The pattern is consistent across scales. At 3B, TST at 20k steps matches a 36k-step baseline in final loss while using a similar wall-clock budget and producing essentially identical downstream scores. Pushing the baseline to 50k steps allows it to surpass the 20k-step TST run, which is expected: TST front-loads a fixed speedup, it does not compound indefinitely on a given budget. At 10B-A1B the speedup is cleanest because the budget is largest; the TST run reaches the baseline's final loss in under 40% of the wall-clock and improves by one point or more on each of the four evals reported. The 10B run was a single configuration rather than a cherry-picked sweep. Every downstream benchmark lands above baseline, which is a meaningfully stronger result than a loss improvement alone, given the well-known tendency of training-loss reductions to fail to transfer.

Sensitivity is documented in Figures 4 through 7 of the paper. The sweep over bag size at fixed ratio $r$ produces a U-shaped curve: below a certain $s$, the superposition regime is too similar to standard training for the throughput gain to matter; above it, the bag target becomes too lossy, and phase 2 cannot fully recover in the remaining budget. Between these extremes is a wide flat basin, which is the regime in which the method is useful. The basin's location drifts upward with model size. At 270M/42B it sits between $s = 3$ and $s = 8$; at 600M/42B between $s = 6$ and $s = 10$; at 10B/2T the configuration we ran was $s = 16$. We cannot draw a scaling law from a handful of points, but the direction is at least consistent with the hypothesis that larger models can tolerate coarser superposition. This is the dimension along which we would most like to see further study.

Final loss as a function of bag size at various step ratios. — *Figure 4.* Final loss as a function of bag size $s$ at various step ratios $r$. The basin shifts right with model size.

The step ratio $r$ is less sensitive. Values between 0.2 and 0.4 are close to optimal in all configurations we tested. At $r = 0$ the method reduces to the baseline; at $r \geq 0.5$ phase 2 has too few steps remaining to undo the damage that the superposition objective inflicts on the output head, and final loss degrades. Downstream evaluations track the loss curves rather than diverging from them, which is consistent with a view in which TST is not distorting the model's representations in a way that would specifically hurt transfer.

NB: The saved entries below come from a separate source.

lemma even_subgraph_triangle:
  assumes "even_subgraph \<omega>" "adj p q" "adj p r" "adj q r"
  shows "{p, q} \<in> \<omega> \<longleftrightarrow> ({p, r} \<in> \<omega>) \<noteq> ({q, r} \<in> \<omega>)"
proof -
  have "even (card {e\<in>\<omega>. e \<subseteq> {p, q, r}})"
    using assms(1) is_hvertexI[OF assms(2-4)] unfolding even_subgraph_def by blast
  moreover have "\<forall>e\<in>\<omega>. card e = 2"
    using assms(1) card_hedge unfolding even_subgraph_def by blast
  ultimately show ?thesis
    using even_card_edges_in_triangle_iff[of p q r \<omega>] adj_imp_neq[OF assms(2)]
      adj_imp_neq[OF assms(3)] adj_imp_neq[OF assms(4)] by blast
qed

text \<open>The spin configuration with domain walls \<open>\<omega>\<close> is recovered as the parity of the number of
  edges of \<open>\<omega>\<close> crossed by the horizontal ray from a face to the right.\<close>

definition crossings :: "hedge set \<Rightarrow> face \<Rightarrow> int set" where
  "crossings \<omega> f = {x. fst f \<le> x \<and> {(x, snd f), (x + 1, snd f)} \<in> \<omega>}"

definition ray_parity :: "hedge set \<Rightarrow> face \<Rightarrow> bool" where
  "ray_parity \<omega> f \<longleftrightarrow> odd (card (crossings \<omega> f))"

lemma finite_crossings:
  assumes "finite \<omega>"
  shows "finite (crossings \<omega> f)"
proof -
  have "inj (\<lambda>x::int. {(x, snd f), (x + 1, snd f)})"
  proof (rule injI)
    fix x y :: int
    assume "{(x, snd f), (x + 1, snd f)} = {(y, snd f), (y + 1, snd f)}"
    then show "x = y"
      by (auto simp: doubleton_eq_iff)
  qed
  then have "finite ((\<lambda>x. {(x, snd f), (x + 1, snd f)}) -` \<omega>)"
    using assms by (rule finite_vimageI[rotated])
  then show ?thesis
    unfolding crossings_def by (rule rev_finite_subset) auto
qed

A small additional refinement concerns the weighting within the bag. In the simplest version of the loss, each of the $s$ positions in a target bag contributes equally. At larger bag sizes this is suboptimal. We find that a power-law weighting in which the $i$-th target position contributes $1/i$ to the loss produces lower final loss than uniform weighting for $s \geq 8$, while being indistinguishable at smaller $s$. The weighting is motivated by an observation due to Ebeling and Pöschel, who showed in 1994 that mutual information between pairs of English letters decays as a power law with distance. We measured the equivalent quantity for tokenized DCLM and found the same functional form, with fitted exponent $k \approx -1.25$. Weighting near targets more heavily than far ones is therefore the inductive bias consistent with the statistics of natural text, and it is the weighting that wins empirically; the coincidence struck us as worth recording.

Mutual information between token pairs in DCLM as a function of distance. — *Figure 5.* Mutual information between token pairs in DCLM as a function of distance, fitted to a power law $d \mapsto C_0 + a \cdot d^{k}$ with $k \approx -1.25$.

Two mechanisms

TST has two moving parts — the input-side superposition and the output-side multi-hot objective — and each can be ablated independently. Doing so shows that both, on their own, outperform the baseline, and that their effects combine approximately additively when used together (Figure 6). We read this as evidence that TST is not a single trick with two knobs but two distinct mechanisms that happen to be compatible.

Input-only, output-only, and full superposition compared against a matched baseline. — *Figure 6.* Input-only, output-only, and full superposition at $s = 4$, $r = 0.5$, each compared against a matched baseline. All three variants improve over baseline; full superposition improves most.

The output-side mechanism is the easier of the two to place in the existing literature. Next-bag-of-tokens prediction is structurally a form of multi-token prediction, in the sense introduced by Gloeckle et al., but with weight sharing across positions: rather than $s$ independent heads predicting the $s$ future tokens, a single head predicts the mean distribution. This makes it the cheapest member of a family of methods that now includes DeepSeek-V3's cascaded MTP, Zuhri et al.'s token-order prediction, Liu et al.'s next-concept prediction, Mahajan et al.'s future-summary prediction, and a concurrent modded-nanogpt speedrun entry that proposed a similar next-bag objective with exponential weighting and a smooth phase transition rather than a hard switch. The common thread across all of these is that an auxiliary signal drawn from the near future produces a more informative gradient than the per-position one-hot target of standard next-token prediction.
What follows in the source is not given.